= ASSIGNED TASK =
Of all the entries below, only the lines from the one with "nat) \<Rightarrow> nat" up to and including the one with "text \<open>Amplitude of the parallel-compressed" are to be duplicated exactly.

====== RECORD SET

lemma spin_act_one:
  fixes u :: "nat \<Rightarrow> 'a::field"
  shows "spin_act g u one_S K = u g * one_S K + (\<Sum>i=1..g. u (g + i) * sbasis {i} K)"
proof -
  have "wedge_op i one_S K = (sbasis {i} K :: 'a)" for i
  proof -
    have "(i \<in> K \<and> K - {i} = {}) = (K = {i})" by auto
    then show ?thesis by (auto simp: wedge_op_def one_S_def sbasis_def wsign_def)
  qed
  moreover have "contract_op i one_S K = (0 :: 'a)" "parity_op one_S K = (one_S K :: 'a)" for i
    by (simp_all add: contract_op_def parity_op_def one_S_def sbasis_def)
  ultimately show ?thesis by (simp add: spin_act_split add.commute)
qed

lemma spin_space_expansion: "s \<in> spin_space g \<Longrightarrow> s = (\<lambda>K. \<Sum>J\<in>Pow {1..g}. s J * sbasis J K)"
  by (rule ext) (auto simp: sbasis_def if_distrib[of "\<lambda>x. _ * x"] spin_spaceD cong: if_cong)

text \<open>With \<open>c = ccoef g f\<close>, \<open>head_poly c (2*g+1)\<close> evaluates \<open>f\<close>, and \<open>head_poly c m\<close> evaluates the
  polynomial part of \<open>f / x\<^sup>2\<^sup>g\<^sup>+\<^sup>1\<^sup>-\<^sup>m\<close>.\<close>

definition head_poly :: "(nat \<Rightarrow> 'a::comm_ring_1) \<Rightarrow> nat \<Rightarrow> 'a \<Rightarrow> 'a" where
  "head_poly c m x = (\<Sum>l\<le>m. c l * x ^ (m - l))"

lemma head_poly_Suc: "head_poly c (Suc m) x = x * head_poly c m x + c (Suc m)"
proof -
  have "(\<Sum>l\<le>m. c l * x ^ (Suc m - l)) = x * head_poly c m x"
    unfolding head_poly_def sum_distrib_left
    by (rule sum.cong[OF refl]) (simp add: Suc_diff_le algebra_simps)
  then show ?thesis by (simp add: head_poly_def)
qed

definition head_quotient :: "(nat \<Rightarrow> 'a::comm_ring_1) \<Rightarrow> nat \<Rightarrow> 'a \<Rightarrow> 'a \<Rightarrow> 'a" where
  "head_quotient c n x y =
     (\<Sum>j\<le>n. (x * y) ^ (n - j) * (head_poly c (2*j) x + head_poly c (2*j) y - c (2*j)))"

lemma head_quotient_eq:
  "(x - y) * head_quotient c n x y = head_poly c (2*n+1) x - head_poly c (2*n+1) y"
proof (induction n)
  case 0
  then show ?case by (simp add: head_quotient_def head_poly_def algebra_simps)
next
  case (Suc n)
  let ?Q = "head_poly c (2*Suc n) x + head_poly c (2*Suc n) y - c (2*Suc n)"
  have "(\<Sum>j\<le>n. (x*y) ^ (Suc n - j) * (head_poly c (2*j) x + head_poly c (2*j) y - c (2*j))) =
      x * y * head_quotient c n x y"
    unfolding head_quotient_def sum_distrib_left
    by (rule sum.cong[OF refl]) (simp add: Suc_diff_le algebra_simps)
  then have step: "head_quotient c (Suc n) x y = x * y * head_quotient c n x y + ?Q"
    by (simp add: head_quotient_def)
  have even: "head_poly c (2*Suc n) z = z * head_poly c (2*n+1) z + c (2*Suc n)" for z
    using head_poly_Suc[of c "2*n+1" z] by simp
  have odd: "head_poly c (2*Suc n+1) z = z * head_poly c (2*Suc n) z + c (2*Suc n+1)" for z
    using head_poly_Suc[of c "2*Suc n" z] by simp
  have "(x - y) * head_quotient c (Suc n) x y =
      x * y * ((x - y) * head_quotient c n x y) + (x - y) * ?Q"
    unfolding step by (simp add: algebra_simps)
  also have "\<dots> = head_poly c (2*Suc n+1) x - head_poly c (2*Suc n+1) y"
    unfolding Suc.IH odd even by (simp add: algebra_simps)
  finally show ?case .
qed

lemma lower_unitriangular_solvable:
  fixes A :: "nat \<Rightarrow> nat \<Rightarrow> 'a::comm_ring_1"
  assumes "\<And>m. m \<le> N \<Longrightarrow> A m m = 1"
  shows "\<exists>l. \<forall>m\<le>N. (\<Sum>n\<le>m. A m n * l n) = t m"
  using assms
proof (induction N)
  case 0
  then show ?case by (intro exI[of _ "\<lambda>_. t 0"]) simp
next
  case (Suc N)
  then obtain l where l: "\<forall>m\<le>N. (\<Sum>n\<le>m. A m n * l n) = t m" by auto
  define l' where "l' = l(Suc N := t (Suc N) - (\<Sum>n\<le>N. A (Suc N) n * l n))"
  have "(\<Sum>n\<le>m. A m n * l' n) = t m" if "m \<le> Suc N" for m
  proof (cases "m = Suc N")
    case True
    then show ?thesis using Suc.prems by (simp add: l'_def)
  next
    case False
    then have "(\<Sum>n\<le>m. A m n * l' n) = (\<Sum>n\<le>m. A m n * l n)"
      using that by (intro sum.cong) (auto simp: l'_def)
    then show ?thesis using l False that by simp
  qed
  then show ?case by blast
qed

definition fun_scale :: "'a::field \<Rightarrow> ('b \<Rightarrow> 'a) \<Rightarrow> 'b \<Rightarrow> 'a" where
  "fun_scale c s = (\<lambda>K. c * s K)"

interpretation fun_vs: vector_space "fun_scale :: 'a::field \<Rightarrow> ('b \<Rightarrow> 'a) \<Rightarrow> _"
  by unfold_locales (auto simp: fun_scale_def fun_eq_iff algebra_simps)

lemma sum_fun_scale: "(\<Sum>x\<in>X. fun_scale (c x) (F x)) = (\<lambda>K. \<Sum>x\<in>X. c x * F x K)"
  by (rule ext) (simp add: sum_fun_apply fun_scale_def)

lemma span_lincomb:
  assumes "finite X" "\<And>x. x \<in> X \<Longrightarrow> c x = 0 \<or> F x \<in> fun_vs.span S"
  shows "(\<lambda>K. \<Sum>x\<in>X. c x * F x K) \<in> fun_vs.span S"
  unfolding sum_fun_scale[symmetric]
proof (rule fun_vs.span_sum)
  fix x assume "x \<in> X"
  then consider "c x = 0" | "F x \<in> fun_vs.span S" using assms(2) by blast
  then show "fun_scale (c x) (F x) \<in> fun_vs.span S"
    by cases (simp_all add: fun_vs.span_zero fun_vs.span_scale)
qed

lemma linear_vact: "Vector_Spaces.linear fun_scale fun_scale (vact g f v)"
  unfolding Vector_Spaces.linear_iff
  by (simp add: fun_vs.vector_space_axioms vact_def fun_scale_def fun_eq_iff sum_distrib_left
      sum.distrib distrib_right mult.assoc)

lemma (in vector_space) unique_coordinates_enumeration:
  assumes e: "bij_betw e N B" and "independent B" "finite N" "x \<in> span B"
  shows "\<exists>!c. (\<forall>j. j \<notin> N \<longrightarrow> c j = 0) \<and> x = (\<Sum>j\<in>N. c j *s e j)"
proof (rule ex_ex1I)
  have fin: "finite B" using e \<open>finite N\<close> bij_betw_finite by blast
  have inv: "inv_into N e v \<in> N" "e (inv_into N e v) = v" if "v \<in> B" for v
    using e that by (auto simp: bij_betw_def inv_into_into f_inv_into_f)
  have reindex: "(\<Sum>j\<in>N. c j *s e j) = (\<Sum>v\<in>B. c (inv_into N e v) *s v)" for c
  proof -
    have "(\<Sum>v\<in>B. c (inv_into N e v) *s v) = (\<Sum>j\<in>N. c (inv_into N e (e j)) *s e j)"
      by (rule sum.reindex_bij_betw[OF e, symmetric])
    also have "\<dots> = (\<Sum>j\<in>N. c j *s e j)"
      by (rule sum.cong) (simp_all add: bij_betw_inv_into_left[OF e])
    finally show ?thesis ..
  qed
  obtain u where u: "x = (\<Sum>v\<in>B. u v *s v)"
    using \<open>x \<in> span B\<close> span_finite[OF fin] by auto
  have "x = (\<Sum>j\<in>N. (if j \<in> N then u (e j) else 0) *s e j)"
    unfolding u reindex using inv by (intro sum.cong) auto
  then show "\<exists>c. (\<forall>j. j \<notin> N \<longrightarrow> c j = 0) \<and> x = (\<Sum>j\<in>N. c j *s e j)"
    by (intro exI[of _ "\<lambda>j. if j \<in> N then u (e j) else 0"]) simp
  fix c1 c2
  assume c1: "(\<forall>j. j \<notin> N \<longrightarrow> c1 j = 0) \<and> x = (\<Sum>j\<in>N. c1 j *s e j)"
    and c2: "(\<forall>j. j \<notin> N \<longrightarrow> c2 j = 0) \<and> x = (\<Sum>j\<in>N. c2 j *s e j)"
  have indep: "\<forall>u. (\<forall>v\<in>B. u v = 0) \<or> (\<Sum>v\<in>B. u v *s v) \<noteq> 0"
    using \<open>independent B\<close> dependent_finite[OF fin] by auto
  have "(\<Sum>v\<in>B. (c1 (inv_into N e v) - c2 (inv_into N e v)) *s v) = 0"
    using c1 c2 by (simp add: reindex scale_left_diff_distrib sum_subtractf)
  with indep[rule_format, of "\<lambda>v. c1 (inv_into N e v) - c2 (inv_into N e v)"]
  have "\<forall>v\<in>B. c1 (inv_into N e v) - c2 (inv_into N e v) = 0"
    by simp
  then have "c1 j = c2 j" if "j \<in> N" for j
    using that e by (metis bij_betwE bij_betw_inv_into_left right_minus_eq)
  then show "c1 = c2" using c1 c2 by (metis ext)
qed

lemma (in vector_space) enumerated_basis_in_spanning_set:
  assumes "G \<subseteq> V" "V \<subseteq> span G" "finite G"
  obtains e where "e ` {1..dim V} \<subseteq> G"
    "\<And>x. x \<in> V \<Longrightarrow> \<exists>!c. (\<forall>j. j \<notin> {1..dim V} \<longrightarrow> c j = 0) \<and> x = (\<Sum>j\<in>{1..dim V}. c j *s e j)"
proof -
  obtain B where B: "B \<subseteq> G" "independent B" "G \<subseteq> span B"
    using maximal_independent_subset[of G] by blast
  have "V \<subseteq> span B" using assms(2) B(3) span_minimal[OF _ subspace_span] by blast
  then have "card B = dim V" using B assms(1) by (intro basis_card_eq_dim) auto
  moreover have "finite B" using B(1) assms(3) finite_subset by blast
  ultimately obtain e where e: "bij_betw e {1..dim V} B"
    using ex_bij_betw_nat_finite_1 by metis
  have "e ` {1..dim V} \<subseteq> G" using bij_betw_imp_surj_on[OF e] B(1) by simp
  moreover have "\<exists>!c. (\<forall>j. j \<notin> {1..dim V} \<longrightarrow> c j = 0) \<and> x = (\<Sum>j\<in>{1..dim V}. c j *s e j)"
    if "x \<in> V" for x
    by (rule unique_coordinates_enumeration[OF e B(2) finite_atLeastAtMost subsetD[OF \<open>V \<subseteq> span B\<close> that]])
  ultimately show thesis by (rule that)
qed
(* Let $|\Psi\rangle$ be a normalized state of $N$ qubits given by an open matrix-product state (MPS) in canonical Vidal form $\{\Gamma^{[i]},\Lambda^{[j]}\}$ (as described in the context). Fix a positive integer $\chi'$, and let $|\tilde{\Psi}_{T}\rangle$ be the parallel-compressed MPS obtained by inserting the projector $P_i$ on every bond $i=1,\dots,N-1$. Let $\epsilon(\chi')=\sum_{i=1}^{N-1}\epsilon_i(\chi')$ with $\epsilon_i(\chi')=\sum_{\alpha>\chi'}(\Lambda^{[i]}_{\alpha\alpha})^2$. Then the norm $n=\big\||\tilde{\Psi}_{T}\rangle\big\|$ satisfies $$1-\sqrt{2\epsilon(\chi')}\;\le\; n\;\le\;1.$$
   Context: An open MPS in Vidal form on $N$ sites with local dimension $d$ (here $d=2$) consists of rank-3 tensors $\Gamma^{[i]\sigma_i}$ ($i=1,\dots,N$, $\sigma_i\in\{0,\dots,d-1\}$), each a $\chi_{i-1}\times\chi_i$ matrix for fixed $\sigma_i$, and real diagonal matrices $\Lambda^{[i]}$ of size $\chi_i\times\chi_i$ ($i=0,\dots,N$) with nonnegative diagonal entries in descending order, where $\chi_0=\chi_N=1$ and $\Lambda^{[0]}=\Lambda^{[N]}=(1)$. It represents $|\Psi\rangle=\sum_{\sigma_1,\dots,\sigma_N}\mathrm{Tr}(\Lambda^{[0]}\Gamma^{[1]\sigma_1}\Lambda^{[1]}\Gamma^{[2]\sigma_2}\cdots\Lambda^{[N-1]}\Gamma^{[N]\sigma_N}\Lambda^{[N]})\,|\sigma_1\cdots\sigma_N\rangle$. It is in canonical form if for every $i=1,\dots,N$, with $A^{[i]\sigma_i}=\Lambda^{[i-1]}\Gamma^{[i]\sigma_i}$ and $B^{[i]\sigma_i}=\Gamma^{[i]\sigma_i}\Lambda^{[i]}$, one has $\sum_{\sigma_i}(A^{[i]\sigma_i})^\dagger A^{[i]\sigma_i}=I_{\chi_i}$ and $\sum_{\sigma_i}B^{[i]\sigma_i}(B^{[i]\sigma_i})^\dagger=I_{\chi_{i-1}}$. For a normalized canonical MPS, $\sum_\alpha(\Lambda^{[i]}_{\alpha\alpha})^2=1$ for each $i$. For each bond $i\in\{1,\dots,N-1\}$, $P_i=\sum_{\alpha=1}^{\min(\chi',\chi_i)}|\alpha\rangle\langle\alpha|$ is the projector onto the first $\chi'$ standard basis vectors of the $\chi_i$-dimensional bond space (those corresponding to the largest diagonal entries of $\Lambda^{[i]}$). The parallel-compressed state is $|\tilde{\Psi}_{T}\rangle=\sum_{\sigma}\mathrm{Tr}(\Lambda^{[0]}\Gamma^{[1]\sigma_1}P_1\Lambda^{[1]}\Gamma^{[2]\sigma_2}P_2\Lambda^{[2]}\cdots P_{N-1}\Lambda^{[N-1]}\Gamma^{[N]\sigma_N}\Lambda^{[N]})|\sigma_1\cdots\sigma_N\rangle$ (not renormalized). Sums $\sum_{\alpha>\chi'}$ over an empty range are zero. *)

theory Defs
  imports Complex_Main "Jordan_Normal_Form.Matrix"
begin

definition dag :: "complex mat \<Rightarrow> complex mat" where
  "dag A = mat (dim_col A) (dim_row A) (\<lambda>(i,j). cnj (A $$ (j,i)))"

definition mtrace :: "complex mat \<Rightarrow> complex" where
  "mtrace A = (\<Sum>i<dim_row A. A $$ (i,i))"

definition lam_mat :: "(nat \<Rightarrow> nat) \<Rightarrow> (nat \<Rightarrow> nat \<Rightarrow> real) \<Rightarrow> nat \<Rightarrow> complex mat" where
  "lam_mat chi Lam i = mat (chi i) (chi i) (\<lambda>(a,b). if a = b then complex_of_real (Lam i a) else 0)"

definition proj_mat :: "(nat \<Rightarrow> nat) \<Rightarrow> nat \<Rightarrow> nat \<Rightarrow> complex mat" where
  "proj_mat chi chi' i = mat (chi i) (chi i) (\<lambda>(a,b). if a = b \<and> a < chi' then 1 else 0)"

definition configs :: "nat \<Rightarrow> (nat \<Rightarrow> nat) set" where
  "configs N = PiE {1..N} (\<lambda>_. {..<2})"

definition vidal_mps ::
  "nat \<Rightarrow> (nat \<Rightarrow> nat) \<Rightarrow> (nat \<Rightarrow> nat \<Rightarrow> complex mat) \<Rightarrow> (nat \<Rightarrow> nat \<Rightarrow> real) \<Rightarrow> bool" where
  "vidal_mps N chi Gamma Lam \<longleftrightarrow>
     chi 0 = 1 \<and> chi N = 1 \<and> (\<forall>i\<le>N. chi i \<ge> 1) \<and>
     Lam 0 0 = 1 \<and> Lam N 0 = 1 \<and>
     (\<forall>i\<in>{1..N}. \<forall>s<2. Gamma i s \<in> carrier_mat (chi (i - 1)) (chi i)) \<and>
     (\<forall>i\<le>N. \<forall>a<chi i. Lam i a \<ge> 0) \<and>
     (\<forall>i\<le>N. \<forall>a b. a \<le> b \<longrightarrow> b < chi i \<longrightarrow> Lam i b \<le> Lam i a)"

definition canonical ::
  "nat \<Rightarrow> (nat \<Rightarrow> nat) \<Rightarrow> (nat \<Rightarrow> nat \<Rightarrow> complex mat) \<Rightarrow> (nat \<Rightarrow> nat \<Rightarrow> real) \<Rightarrow> bool" where
  "canonical N chi Gamma Lam \<longleftrightarrow>
     (\<forall>i\<in>{1..N}.
        (let A = (\<lambda>s. lam_mat chi Lam (i - 1) * Gamma i s);
             B = (\<lambda>s. Gamma i s * lam_mat chi Lam i)
         in dag (A 0) * A 0 + dag (A 1) * A 1 = 1\<^sub>m (chi i) \<and>
            B 0 * dag (B 0) + B 1 * dag (B 1) = 1\<^sub>m (chi (i - 1))))"

text \<open>Amplitude of the MPS:
  Tr(Lambda0 Gamma1 Lambda1 Gamma2 ... Lambda_(N-1) Gamma_N Lambda_N).\<close>
definition mps_amp ::
  "nat \<Rightarrow> (nat \<Rightarrow> nat) \<Rightarrow> (nat \<Rightarrow> nat \<Rightarrow> complex mat) \<Rightarrow> (nat \<Rightarrow> nat \<Rightarrow> real)
   \<Rightarrow> (nat \<Rightarrow> nat) \<Rightarrow> complex" where
  "mps_amp N chi Gamma Lam \<sigma> =
     mtrace (foldl (*) (1\<^sub>m 1) (map (\<lambda>i. lam_mat chi Lam (i - 1) * Gamma i (\<sigma> i)) [1..<N+1])
             * lam_mat chi Lam N)"

text \<open>Amplitude of the parallel-compressed MPS:
  Tr(Lambda0 Gamma1 P1 Lambda1 Gamma2 P2 Lambda2 ... P_(N-1) Lambda_(N-1) Gamma_N Lambda_N).\<close>
definition comp_amp ::
  "nat \<Rightarrow> (nat \<Rightarrow> nat) \<Rightarrow> (nat \<Rightarrow> nat \<Rightarrow> complex mat) \<Rightarrow> (nat \<Rightarrow> nat \<Rightarrow> real) \<Rightarrow> nat
   \<Rightarrow> (nat \<Rightarrow> nat) \<Rightarrow> complex" where
  "comp_amp N chi Gamma Lam chi' \<sigma> =
     mtrace (foldl (*) (1\<^sub>m 1)
               (map (\<lambda>i. (if i = 1 then 1\<^sub>m (chi 0) else proj_mat chi chi' (i - 1))
                          * lam_mat chi Lam (i - 1) * Gamma i (\<sigma> i)) [1..<N+1])
             * lam_mat chi Lam N)"

definition state_norm :: "nat \<Rightarrow> ((nat \<Rightarrow> nat) \<Rightarrow> complex) \<Rightarrow> real" where
  "state_norm N psi = sqrt (\<Sum>\<sigma>\<in>configs N. (cmod (psi \<sigma>))\<^sup>2)"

============

= RESULT FOR THIS EXERCISE =
definition proj_mat :: "(nat \<Rightarrow> nat) \<Rightarrow> nat \<Rightarrow> nat \<Rightarrow> complex mat" where
  "proj_mat chi chi' i = mat (chi i) (chi i) (\<lambda>(a,b). if a = b \<and> a < chi' then 1 else 0)"

definition configs :: "nat \<Rightarrow> (nat \<Rightarrow> nat) set" where
  "configs N = PiE {1..N} (\<lambda>_. {..<2})"

definition vidal_mps ::
  "nat \<Rightarrow> (nat \<Rightarrow> nat) \<Rightarrow> (nat \<Rightarrow> nat \<Rightarrow> complex mat) \<Rightarrow> (nat \<Rightarrow> nat \<Rightarrow> real) \<Rightarrow> bool" where
  "vidal_mps N chi Gamma Lam \<longleftrightarrow>
     chi 0 = 1 \<and> chi N = 1 \<and> (\<forall>i\<le>N. chi i \<ge> 1) \<and>
     Lam 0 0 = 1 \<and> Lam N 0 = 1 \<and>
     (\<forall>i\<in>{1..N}. \<forall>s<2. Gamma i s \<in> carrier_mat (chi (i - 1)) (chi i)) \<and>
     (\<forall>i\<le>N. \<forall>a<chi i. Lam i a \<ge> 0) \<and>
     (\<forall>i\<le>N. \<forall>a b. a \<le> b \<longrightarrow> b < chi i \<longrightarrow> Lam i b \<le> Lam i a)"

definition canonical ::
  "nat \<Rightarrow> (nat \<Rightarrow> nat) \<Rightarrow> (nat \<Rightarrow> nat \<Rightarrow> complex mat) \<Rightarrow> (nat \<Rightarrow> nat \<Rightarrow> real) \<Rightarrow> bool" where
  "canonical N chi Gamma Lam \<longleftrightarrow>
     (\<forall>i\<in>{1..N}.
        (let A = (\<lambda>s. lam_mat chi Lam (i - 1) * Gamma i s);
             B = (\<lambda>s. Gamma i s * lam_mat chi Lam i)
         in dag (A 0) * A 0 + dag (A 1) * A 1 = 1\<^sub>m (chi i) \<and>
            B 0 * dag (B 0) + B 1 * dag (B 1) = 1\<^sub>m (chi (i - 1))))"

text \<open>Amplitude of the MPS:
  Tr(Lambda0 Gamma1 Lambda1 Gamma2 ... Lambda_(N-1) Gamma_N Lambda_N).\<close>
definition mps_amp ::
  "nat \<Rightarrow> (nat \<Rightarrow> nat) \<Rightarrow> (nat \<Rightarrow> nat \<Rightarrow> complex mat) \<Rightarrow> (nat \<Rightarrow> nat \<Rightarrow> real)
   \<Rightarrow> (nat \<Rightarrow> nat) \<Rightarrow> complex" where
  "mps_amp N chi Gamma Lam \<sigma> =
     mtrace (foldl (*) (1\<^sub>m 1) (map (\<lambda>i. lam_mat chi Lam (i - 1) * Gamma i (\<sigma> i)) [1..<N+1])
             * lam_mat chi Lam N)"

text \<open>Amplitude of the parallel-compressed MPS:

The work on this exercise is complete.